Meanwhile, rather than applying the opportunity cost concept to the actual problems of economics, Wieser’s students Hayek and Mises pursued a far less fruitful aspect of his work: the sterile 19th century controversy over the “theory of value”. By subordinating economic analysis to dogmatic ‘market fundamentalism’, Hayek and Mises drove the Austrian school of economics into a blind alley from which it has never escaped.2

1 The Economics Prize is not one of the original Nobel Prizes, and its full name is The Bank of Sweden Prize in in Economic Sciences in Memory of Alfred Nobel. Philip Mirowski has some interesting remarks on how the prize came into existence
2 As I observed in my book Zombie Economics, the same is true of another innovation of the Austrian School, their business cycle theory, based on bubbles and busts in investment. The model implied that governments could potentially stabilise the cycle with beneficial effects, but Hayek and Mises were unwilling to accept the implications of their own theory. Instead, they advocated a contractionist response to the Great Depression, which had disastrous results wherever it was implemented.

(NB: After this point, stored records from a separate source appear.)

theorem lemma6:
  fixes n :: nat and a :: "nat \<Rightarrow> nat \<Rightarrow> real" and \<beta> :: "nat \<Rightarrow> real"
  assumes "n \<ge> 1"
    and "\<forall>i\<in>{1..n}. \<forall>j\<in>{1..n}. a i j = a j i"
    and "\<forall>i\<in>{1..n}. \<forall>j\<in>{1..n}. a i j \<ge> 0"
    and "\<forall>i\<in>{1..n}. \<beta> i > 0"
    and "Lambda a {1..n} \<beta> = 0"
    and "\<forall>J. J \<noteq> {} \<and> J \<subset> {1..n} \<longrightarrow> Lambda a J \<beta> > 0"
  shows "\<not> (\<exists>\<rho>\<in>Gamma n \<beta>. \<forall>\<sigma>\<in>Gamma n \<beta>. F0 n a \<rho> \<le> F0 n a \<sigma>)"
proof
  assume "\<exists>\<rho>\<in>Gamma n \<beta>. \<forall>\<sigma>\<in>Gamma n \<beta>. F0 n a \<rho> \<le> F0 n a \<sigma>"
  then obtain \<rho> where \<rho>: "\<rho> \<in> Gamma n \<beta>" and min: "\<forall>\<sigma>\<in>Gamma n \<beta>. F0 n a \<rho> \<le> F0 n a \<sigma>"
    by blast
  have "0 < (\<Sum>i\<in>{1..n}. \<integral>x. (norm x)\<^sup>2 * \<rho> i x \<partial>lborel)"
    using \<rho> assms(1,4) by (intro sum_pos) (auto simp: Gamma_iff_admissible_density intro!: second_moment_pos)
  then have "F0 n a (\<lambda>i. dilate 2 (\<rho> i)) < F0 n a \<rho>"
    using F0_dilate[OF \<rho>, of 2 a] assms(5) by simp
  moreover have "F0 n a \<rho> \<le> F0 n a (\<lambda>i. dilate 2 (\<rho> i))"
    using min dilate_in_Gamma[OF \<rho>, of 2] by simp
  ultimately show False by simp
qed

end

Bruce Wilder 06.12.15 at 10:04 am

. . . reductions in public debt (allowing for higher spending in the future)

Debts would seem to be a example of how monetary factors can confuse us with regard to opportunity cost.

The idea that the public debt is a constraint on public spending is certainly going to be controversial. In an era when pointless austerity is pressed on countries experiencing depression, it seems almost to invite incendiary comments.

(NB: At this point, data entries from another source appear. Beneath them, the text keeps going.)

section \<open>Positive definite multipliers\<close>

text \<open>With a Gram factorization \<open>\<phi>(x - y) = \<Sum>\<^sub>k conj (B\<^sub>k x) B\<^sub>k y\<close>, the multiplier
  \<open>M\<^sub>\<phi>\<close> becomes \<open>\<Sum>\<^sub>k B\<^sub>k\<^sup>* \<pi>\<^sub>\<sigma>(c) B\<^sub>k\<close>, the \<open>B\<^sub>k\<close> acting as diagonal operators.\<close>
lemma pi_tw_mult_gram:
  assumes fc: "fin_supp c"
    and gram: "\<And>x y. x \<in> W \<Longrightarrow> y \<in> W \<Longrightarrow> \<phi> (x + - y) = (\<Sum>k<n. cnj (B k x) * B k y)"
    and h: "h \<in> W" and supp: "\<And>s. \<xi> s \<noteq> 0 \<Longrightarrow> s \<in> W"
  shows "pi_tw \<sigma> (\<lambda>g. \<phi> g * c g) \<xi> h = (\<Sum>k<n. cnj (B k h) * pi_tw \<sigma> c (\<lambda>y. B k y * \<xi> y) h)"
proof -
  let ?Sc = "{g. c g \<noteq> 0}"
  have fSc: "finite ?Sc" using fc by (simp add: fin_supp_def)
  have "pi_tw \<sigma> (\<lambda>g. \<phi> g * c g) \<xi> h = (\<Sum>g\<in>?Sc. \<phi> g * c g * (\<sigma> g (-g+h) * \<xi> (-g+h)))"
    by (rule pi_tw_eq_sum[OF fSc]) auto
  also have "\<dots> = (\<Sum>g\<in>?Sc. \<Sum>k<n. cnj (B k h) * (c g * (\<sigma> g (-g+h) * (B k (-g+h) * \<xi> (-g+h)))))"
  proof (rule sum.cong[OF refl])
    fix g
    show "\<phi> g * c g * (\<sigma> g (-g+h) * \<xi> (-g+h))
        = (\<Sum>k<n. cnj (B k h) * (c g * (\<sigma> g (-g+h) * (B k (-g+h) * \<xi> (-g+h)))))"
    proof (cases "\<xi> (-g+h) = 0")
      case False
      have "h + - (-g + h) = g" by (simp add: minus_add add.assoc[symmetric])
      then have "\<phi> g = (\<Sum>k<n. cnj (B k h) * B k (-g+h))"
        using gram[OF h supp[OF False]] by simp
      then have "\<phi> g * c g * (\<sigma> g (-g+h) * \<xi> (-g+h))
          = (\<Sum>k<n. cnj (B k h) * B k (-g+h) * (c g * (\<sigma> g (-g+h) * \<xi> (-g+h))))"
        by (simp add: sum_distrib_right mult.assoc)
      also have "\<dots> = (\<Sum>k<n. cnj (B k h) * (c g * (\<sigma> g (-g+h) * (B k (-g+h) * \<xi> (-g+h)))))"
        by (rule sum.cong[OF refl]) (simp add: mult_ac)
      finally show ?thesis .
    qed simp
  qed
  also have "\<dots> = (\<Sum>k<n. cnj (B k h) * (\<Sum>g\<in>?Sc. c g * (\<sigma> g (-g+h) * (B k (-g+h) * \<xi> (-g+h)))))"
    by (subst sum.swap) (simp add: sum_distrib_left)
  also have "\<dots> = (\<Sum>k<n. cnj (B k h) * pi_tw \<sigma> c (\<lambda>y. B k y * \<xi> y) h)"
    by (subst pi_tw_eq_sum[OF fSc]) auto
  finally show ?thesis .
qed

lemma L2_set_gram_diag:
  assumes "\<phi> 0 = (\<Sum>k<n. cnj (B k h) * B k h)"
  shows "L2_set (\<lambda>k. cmod (B k h)) {..<n} = sqrt (Re (\<phi> 0))"
proof -
  have "\<phi> 0 = (\<Sum>k<n. complex_of_real ((cmod (B k h))\<^sup>2))"
    unfolding assms by (rule sum.cong[OF refl]) (simp only: complex_norm_square mult.commute)
  also have "\<dots> = complex_of_real (\<Sum>k<n. (cmod (B k h))\<^sup>2)" by simp
  finally show ?thesis by (simp add: L2_set_def)
qed

lemma L2_set_l2norm_mult:
  assumes fx: "fin_supp \<xi>" and r: "r \<ge> 0"
    and B: "\<And>y. \<xi> y \<noteq> 0 \<Longrightarrow> L2_set (\<lambda>k. cmod (B k y)) K = r"
  shows "L2_set (\<lambda>k. l2norm (\<lambda>y. B k y * \<xi> y)) K = r * l2norm \<xi>"
proof -
  let ?Sx = "{y. \<xi> y \<noteq> 0}"
  have fSx: "finite ?Sx" using fx by (simp add: fin_supp_def)
  have "L2_set (\<lambda>k. l2norm (\<lambda>y. B k y * \<xi> y)) K
      = L2_set (\<lambda>k. L2_set (\<lambda>y. cmod (B k y) * cmod (\<xi> y)) ?Sx) K"
    by (subst l2norm_eq_L2_set[OF fSx]) (auto simp: norm_mult)
  also have "\<dots> = L2_set (\<lambda>y. L2_set (\<lambda>k. cmod (B k y)) K * cmod (\<xi> y)) ?Sx"
    by (simp add: L2_set_commute[of _ ?Sx K] L2_set_left_distrib)
  also have "\<dots> = L2_set (\<lambda>y. r * cmod (\<xi> y)) ?Sx"
    by (rule L2_set_cong) (auto simp: B)
  also have "\<dots> = r * l2norm \<xi>"
    using l2norm_eq_L2_set[OF fSx, of \<xi>] r by (simp add: L2_set_right_distrib)
  finally show ?thesis .
qed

Peter T 06.12.15 at 10:31 am

This exposition leaves me feeling that I’m missing something. As a central element in a major discipline “opportunity cost” as laid out here seems – weak? That one can only do whatever one can do would be an obvious truth to medieval peasants as well as moderns (if we pick the spinach today we’ll have to eat kale tomorrow; if we spend today mending the well coping, then the repairs to the cowshed will have to wait and so on). Is every holiday a “cost” in terms of what one might have earned? Or is every working day a “cost” in terms of the leisure one might have enjoyed? Did Ben Franklin, while enjoying the ladies of Paris, count the livres he might otherwise have gained?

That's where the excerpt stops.